孫の顔もウエディングドレス姿も見せることができず親に悪いなと思います。

どうしたら婚活がうまくいきますか?

●結婚するのは、お母さんじゃなくてあなたです

こんにちは。
婚活コンサルタントの菊乃です。

「結婚しないとお母さんに悪いな」と思うのですね。
結婚するのはお母さんじゃなくてあなたなのですよ。

ご相談にいらっしゃる方の中にはご相談者さまのように、「結婚しないとお母さんに悪いな」と思って婚活を始めるかたがいらっしゃいます。
そのような方は「結婚したらどんな生活がしたいの?」「どんな男性がいいの?」とお聞きしても何も出てこないのです。

相手の男性の理想をあげる方もおりますが、「なぜそういう男性なの?」という理由を探っていくと「親が喜びそう」 という理由であることも。

●自分がどうしたいかというのがないのです

ご自分が「結婚したい」「一緒に旅行に行ける相手が欲しい」と主体的に「私が〇〇したい」と思う 方は目指すゴールがあるのでスムーズなのですが。
親を喜ばせるために結婚しようとする方はなかなかうまくいきません。

「自分がどうしたいのか」という主体性がない方がどうしたらいいのか、メンタルアップマネージャー・一般社団法人日本メンタルアップ支援機構代表理事の大野萌子さんにインタビューしました。

お母さんのために結婚しようとしている方はこれまで、あなたのためにお母さんが犠牲になってきた と思っていないでしょうか?

お母さんはあなたにとって恩人ですね。
産んだのだから当たり前なのですが。

●恩人であるお母さんが悲しむのは悪いと思っていませんか?

きっと、お母さんは困った時にこれまで真っ先に助けてくれたのでしょう。
あなたが好きなご飯を作ってくれて、とても尽くしてくれたでしょう。

犠牲になっているように見えるかもしれませんが、その関係も共依存 かもしれません。
お母さんにとってあなた以外に生きがいはありますか?
例えば、仕事や趣味など子育て以外の自分の世界です。

30代ぐらいの女性にとって、お母さん世代は専業主婦ではなかったでしょうか?
育児以外に生きがいがない母親が、自己実現の手段 として子どもに過剰にかかわるのです。

そんな共依存中の親は、子育てを辞めて自分の出番がなくなることを拒んで矛盾したことを言うことがあります。

「いつ結婚するの?でもこういう人じゃなきゃダメ」
「あなたの幸せが一番。
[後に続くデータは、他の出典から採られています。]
lemma std_normal_vec_monomial:
  fixes k :: "'q::finite \<Rightarrow> nat"
  shows "integrable std_normal_vec (\<lambda>x::real^'q. \<Prod>i\<in>UNIV. (x $ i) ^ k i)"
    and "(\<integral>x. (\<Prod>i\<in>UNIV. (x $ i) ^ k i) \<partial>std_normal_vec)
           = (\<Prod>i\<in>UNIV. \<integral>t. std_normal_density t * t ^ k i \<partial>lborel)"
proof -
  have nonneg: "0 \<le> (\<Prod>i\<in>UNIV. std_normal_density ((x::real^'q) $ i))" for x
    by (simp add: prod_nonneg normal_density_nonneg)
  have eq: "(\<Prod>i\<in>UNIV. std_normal_density (x $ i)) * (\<Prod>i\<in>UNIV. (x $ i) ^ k i)
      = (\<Prod>i\<in>UNIV. std_normal_density (x $ i) * (x $ i) ^ k i)" for x :: "real^'q"
    by (simp add: prod.distrib)
  note moments = lborel_vec_integral_prod[of "\<lambda>i t. std_normal_density t * t ^ k i",
      OF integrable_std_normal_moment]
  show "integrable std_normal_vec (\<lambda>x::real^'q. \<Prod>i\<in>UNIV. (x $ i) ^ k i)"
    using moments(1) by (simp add: integrable_density nonneg eq)
  show "(\<integral>x. (\<Prod>i\<in>UNIV. (x $ i) ^ k i) \<partial>std_normal_vec)
           = (\<Prod>i\<in>UNIV. \<integral>t. std_normal_density t * t ^ k i \<partial>lborel)"
    using moments(2) by (simp add: integral_density nonneg eq)
qed

lemma std_normal_vec_prod_power:
  fixes A :: "'q::finite set"
  shows "integrable std_normal_vec (\<lambda>x::real^'q. \<Prod>l\<in>A. (x $ l) ^ n)"
    and "(\<integral>x. (\<Prod>l\<in>A. (x $ l) ^ n) \<partial>std_normal_vec)
           = (\<integral>t. std_normal_density t * t ^ n \<partial>lborel) ^ card A"
proof -
  let ?k = "\<lambda>l. if l \<in> A then n else 0"
  have monomial: "(\<Prod>l\<in>UNIV. (x $ l) ^ ?k l) = (\<Prod>l\<in>A. (x $ l) ^ n)" for x :: "real^'q"
    by (simp add: if_distrib[of "power _"] prod.If_cases)
  have moment: "(\<Prod>l\<in>UNIV. \<integral>t. std_normal_density t * t ^ ?k l \<partial>lborel)
      = (\<integral>t. std_normal_density t * t ^ n \<partial>lborel) ^ card A"
    using integral_std_normal_moment_even[of 0]
    by (simp add: if_distrib[of "\<lambda>k. \<integral>t. std_normal_density t * t ^ k \<partial>lborel"] prod.If_cases)
  show "integrable std_normal_vec (\<lambda>x::real^'q. \<Prod>l\<in>A. (x $ l) ^ n)"
    using std_normal_vec_monomial(1)[of ?k] by (simp only: monomial)
  show "(\<integral>x. (\<Prod>l\<in>A. (x $ l) ^ n) \<partial>std_normal_vec)
           = (\<integral>t. std_normal_density t * t ^ n \<partial>lborel) ^ card A"
    using std_normal_vec_monomial(2)[of ?k] by (simp only: monomial moment)
qed

lemma std_normal_vec_moments:
  fixes i j :: "'q::finite"
  shows "measure (std_normal_vec :: (real^'q) measure) UNIV = 1"
    and "integrable std_normal_vec (\<lambda>x::real^'q. c :: real)"
    and "integrable std_normal_vec (\<lambda>x::real^'q. x $ i)"
    and "(\<integral>x. x $ i \<partial>(std_normal_vec :: (real^'q) measure)) = 0"
    and "integrable std_normal_vec (\<lambda>x::real^'q. x $ i * x $ j)"
    and "(\<integral>x. x $ i * x $ j \<partial>(std_normal_vec :: (real^'q) measure)) = (if i = j then 1 else 0)"
proof -
  note empty = std_normal_vec_prod_power[where A="{}" and 'q='q and n=0]
  note single = std_normal_vec_prod_power[where A="{i}" and 'q='q]
  note pair = std_normal_vec_prod_power[where A="{i, j}" and 'q='q and n=1]
  have m1: "(\<integral>t. std_normal_density t * t ^ 1 \<partial>lborel) = 0"
    using integral_std_normal_moment_odd[of 0] by simp
  have m2: "(\<integral>t. std_normal_density t * t ^ 2 \<partial>lborel) = 1"
    using integral_std_normal_moment_even[of 1] by simp
  show "measure (std_normal_vec :: (real^'q) measure) UNIV = 1"
    using empty(2) by simp
  show "integrable std_normal_vec (\<lambda>x::real^'q. c :: real)"
    using integrable_mult_right[OF empty(1), of c] by simp
  show "integrable std_normal_vec (\<lambda>x::real^'q. x $ i)"
    "(\<integral>x. x $ i \<partial>(std_normal_vec :: (real^'q) measure)) = 0"
    using single[of 1] m1 by simp_all
  show "integrable std_normal_vec (\<lambda>x::real^'q. x $ i * x $ j)"
    "(\<integral>x. x $ i * x $ j \<partial>(std_normal_vec :: (real^'q) measure)) = (if i = j then 1 else 0)"
    using single[of 2] pair m1 m2 by (cases "i = j"; simp add: power2_eq_square)+
qed

lemma gauss_expect_quadratic:
  fixes b :: "'q::finite \<Rightarrow> real" and M :: "'q \<Rightarrow> 'q \<Rightarrow> real"
  shows "gauss_expect (\<lambda>w::real^'q. a + (\<Sum>i\<in>UNIV. b i * w $ i)
           + (\<Sum>i\<in>UNIV. \<Sum>j\<in>UNIV. M i j * (w $ i * w $ j)))
       = a + (\<Sum>i\<in>UNIV. M i i)"
  unfolding gauss_expect_def
  by (simp add: std_normal_vec_moments integrable_sum integral_sum integral_add if_distrib
      cong: if_cong)

declare transpose_matrix_vector [simp del]

lemma inner_transpose_matrix_vector: "(x::real^'n) \<bullet> (transpose A *v y) = (A *v x) \<bullet> y"
  by (metis dot_lmul_matrix inner_commute transpose_matrix_vector)

lemma inner_matrix_vector: "(x::real^'n) \<bullet> (A *v y) = (transpose A *v x) \<bullet> y"
  using inner_transpose_matrix_vector[of x "transpose A" y] by simp

lemma inner_symmetric_matrix_commute:
  assumes "transpose C = C"
  shows "(x::real^'n) \<bullet> (C *v z) = z \<bullet> (C *v x)"
  using inner_transpose_matrix_vector[of x C z] assms by (simp add: inner_commute)

lemma inner_symmetric_matrix_add:
  assumes "transpose C = C"
  shows "(x + z) \<bullet> (C *v (x + z)) = x \<bullet> (C *v x) + 2 * (z \<bullet> (C *v x)) + z \<bullet> (C *v (z::real^'n))"
  by (simp add: inner_add_left inner_add_right matrix_vector_right_distrib
      inner_symmetric_matrix_commute[OF assms, of x z])

lemma matrix_vector_mult_sum_left:
  "finite S \<Longrightarrow> (\<Sum>i\<in>S. M i) *v (v::real^'n) = (\<Sum>i\<in>S. M i *v v)"
  by (induction S rule: finite_induct) (simp_all add: matrix_vector_mult_add_rdistrib)

lemma matrix_vector_mult_uminus_left: "(- A) *v (x::real^'n) = - (A *v x)"
  by (simp add: vec_eq_iff matrix_vector_mult_def sum_negf)

lemma transpose_add: "transpose (A + B) = transpose A + (transpose B :: real^'n^'m)"
  by (simp add: transpose_def vec_eq_iff)

lemma transpose_diff: "transpose (A - B) = transpose A - (transpose B :: real^'n^'m)"
  by (simp add: transpose_def vec_eq_iff)

lemma transpose_sum: "finite S \<Longrightarrow> transpose (\<Sum>i\<in>S. M i) = (\<Sum>i\<in>S. transpose (M i) :: real^'n^'m)"
  by (induction S rule: finite_induct) (simp_all add: transpose_add, simp add: transpose_def vec_eq_iff)

definition pd :: "real^'n^'n \<Rightarrow> bool" where
  "pd A \<longleftrightarrow> (\<forall>x. x \<noteq> 0 \<longrightarrow> 0 < x \<bullet> (A *v x))"

lemma pd_imp_psd: "pd A \<Longrightarrow> psd A"
  unfolding pd_def psd_def by (metis inner_zero_left order_le_less)

lemma pd_invertible:
  assumes "pd W"
  shows "invertible W"
proof -
  have "inj ((*v) W)"
    unfolding vec.inj_iff_eq_0
  proof (intro allI impI)
    fix x assume "W *v x = 0"
    then show "x = 0" using assms by (auto simp: pd_def)
  qed
  then show ?thesis using invertible_left_inverse matrix_left_invertible_injective by blast
qed

lemma matrix_inv_inverse:
  assumes "invertible (W::real^'n^'n)"
  shows "W ** matrix_inv W = mat 1" and "matrix_inv W ** W = mat 1"
proof -
  have "\<exists>A'. W ** A' = mat 1 \<and> A' ** W = mat 1" using assms by (simp add: invertible_def)
  then have "W ** matrix_inv W = mat 1 \<and> matrix_inv W ** W = mat 1"
    unfolding matrix_inv_def by (rule someI_ex)
  then show "W ** matrix_inv W = mat 1" "matrix_inv W ** W = mat 1" by auto
qed

lemma transpose_matrix_inv_symmetric:
  assumes "invertible (W::real^'n^'n)" and "transpose W = W"
  shows "transpose (matrix_inv W) = matrix_inv W"
proof -
  have "transpose (matrix_inv W) ** W = mat 1"
    using arg_cong[OF matrix_inv_inverse(1)[OF assms(1)], of transpose]
    by (simp add: matrix_transpose_mul assms(2))
  then have "transpose (matrix_inv W) ** (W ** matrix_inv W) = matrix_inv W"
    by (metis matrix_mul_assoc matrix_mul_lid)
  then show ?thesis
    by (simp add: matrix_inv_inverse(1)[OF assms(1)] matrix_mul_rid)
qed

lemma qform_complete_square:
  fixes W :: "real^'n^'n" and b :: "real^'n"
  assumes "invertible W" and "transpose W = W"
  defines "v\<^sub>0 \<equiv> - (matrix_inv W *v b)"
  shows "qform b W v = - (1/2) * (b \<bullet> (matrix_inv W *v b)) + (1/2) * ((v - v\<^sub>0) \<bullet> (W *v (v - v\<^sub>0)))"
proof -
  have "W *v (matrix_inv W *v b) = b"
    by (simp add: matrix_vector_mul_assoc matrix_inv_inverse(1)[OF assms(1)])
  then show ?thesis
    unfolding qform_def v\<^sub>0_def
    by (simp add: inner_symmetric_matrix_add[OF assms(2)] inner_commute[of b] algebra_simps
        inner_symmetric_matrix_commute[OF assms(2), of "matrix_inv W *v b" v])
qed
(* Let $R$ be a discrete $\Gamma$-ring and let $w\in R[2]$ be a formal sum law in $R$. Then there is a unique multiplicative map (morphism of $\Gamma$-rings) $\phi: H\mathbb{N}\to R$ such that $\phi(1_{2^n})=w^n\in R[2^n]$ for all $n\ge 0$. Concretely, for $(n_1,\dots,n_k)\in \mathbb{N}[k]$ one has $\phi(n_1,\dots,n_k)=f(w^n)$ for any $n$ and any pointed map $f:[2^n]\to[k]$ with $f(1_{2^n})=(n_1,\dots,n_k)$.
   Context: Let $[n]=\{0,1,\dots,n\}$, pointed at $0$. $\Gamma^{op}$ is the category with objects $[n]$, $n\ge0$, and all pointed maps. A $\Gamma$-space is a functor $F$ from $\Gamma^{op}$ to pointed simplicial sets with $F[0]$ a point; it is extended to all finite pointed sets by choosing isomorphisms with the $[n]$. For a pointed map $f:K\to L$ we write $f$ also for $F(f)$. The symmetric group $\Sigma_n$ acts on $[n]$ by permuting $\{1,\dots,n\}$ and hence acts on $F[n]$. We identify $[n]\wedge[m]$ with $[nm]$ using the inverse lexicographic order: $i\wedge j\mapsto (j-1)n+i$ for $1\le i\le n,\ 1\le j\le m$. A $\Gamma$-ring is a $\Gamma$-space $R$ with a unit $\eta:\mathbf S\to R$ ($\mathbf S$ the inclusion functor of $\Gamma^{op}$ into pointed sets) and an associative unital multiplication, equivalently a family of maps $R(K)\wedge R(L)\to R(K\wedge L)$, $p\wedge q\mapsto pq$, natural in $K$ and $L$, associative, with unit $1:=\eta(1)\in R[1]$. $R$ is discrete if each $R(K)$ is a set (a constant simplicial set). For $w\in R[2]$, $w^k\in R[2^k]$ denotes the $k$-fold product (with $[2]^{\wedge k}=[2^k]$ via the identification above), $w^0=1$. A multiplicative map $\phi:A\to B$ of $\Gamma$-rings is a natural transformation with $\phi\circ\eta_A=\eta_B$ and $\phi(pq)=\phi(p)\phi(q)$. The pointed map $p^n_i:[n]\to[n-1]$ ($1\le i\le n$) is given by $p^n_i(j)=j$ for $j<i$, $p^n_i(i)=0$, $p^n_i(j)=j-1$ for $j>i$. $H\mathbb{N}$ is the $\Gamma$-ring with $H\mathbb{N}(K)=$ the reduced free commutative monoid on $K$ (so $H\mathbb{N}[k]=\mathbb{N}^k$, $\mathbb N$ including $0$), pointed maps acting by summing coefficients along fibres, unit sending $k\in K$ to the generator $k$, and multiplication $(\sum_k a_k k)(\sum_l b_l l)=\sum_{k\wedge l}a_kb_l(k\wedge l)$. $1_n=(1,\dots,1)\in H\mathbb{N}[n]$. A formal sum law in a $\Gamma$-ring $R$ is an element $w\in R[2]$ with (1) $p^2_1(w)=1$ and $p^2_2(w)=1$, and (2) for every $k\ge1$, $w^k\in R[2^k]$ is fixed by the action of $\Sigma_{2^k}$. *)

theory Defs
  imports "HOL-Combinatorics.Permutations"
begin
definition p_group :: "nat \<Rightarrow> ('a, 'm) monoid_scheme \<Rightarrow> bool" where
  "p_group p G \<longleftrightarrow> group G \<and> Factorial_Ring.prime p \<and> finite (carrier G)
     \<and> (\<exists>n. card (carrier G) = p ^ n)"

definition conj_map :: "('a, 'm) monoid_scheme \<Rightarrow> 'a \<Rightarrow> 'a set \<Rightarrow> ('a \<Rightarrow> 'a)" where
  "conj_map G g P = (\<lambda>x\<in>P. g \<otimes>\<^bsub>G\<^esub> x \<otimes>\<^bsub>G\<^esub> inv\<^bsub>G\<^esub> g)"

definition Hom_grp :: "('a, 'm) monoid_scheme \<Rightarrow> 'a set \<Rightarrow> 'a set \<Rightarrow> ('a \<Rightarrow> 'a) set" where
  "Hom_grp G P Q = {conj_map G g P | g. g \<in> carrier G \<and>
      (\<lambda>x. g \<otimes>\<^bsub>G\<^esub> x \<otimes>\<^bsub>G\<^esub> inv\<^bsub>G\<^esub> g) ` P \<subseteq> Q}"

definition Inj_hom :: "('a, 'm) monoid_scheme \<Rightarrow> 'a set \<Rightarrow> 'a set \<Rightarrow> ('a \<Rightarrow> 'a) set" where
  "Inj_hom G P Q = {f. f \<in> extensional P \<and>
      f \<in> hom (G\<lparr>carrier := P\<rparr>) (G\<lparr>carrier := Q\<rparr>) \<and> inj_on f P}"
でも私のいうことを聞きなさい」
こうして二重に娘を拘束します。

●あなたが自分の意思を育てていかなければなりません

初めにやるレッスンはメニューを自分の意思で決める ことから始めてはいかがでしょうか。

「何を食べたい?」ときかれて「なんでもいい」と答えるのを辞めて、自分の意思で「あっさりしたモノ」「お肉がいいな」などと決めるようにしましょう。
次に「どうして私はあっさりしたものを食べたいんだろう」と決断の理由を考えてみましょう。

自問自答の繰り返し がトレーニングになります。
あなた自身の「〇〇したい」という意思を育てていきましょう。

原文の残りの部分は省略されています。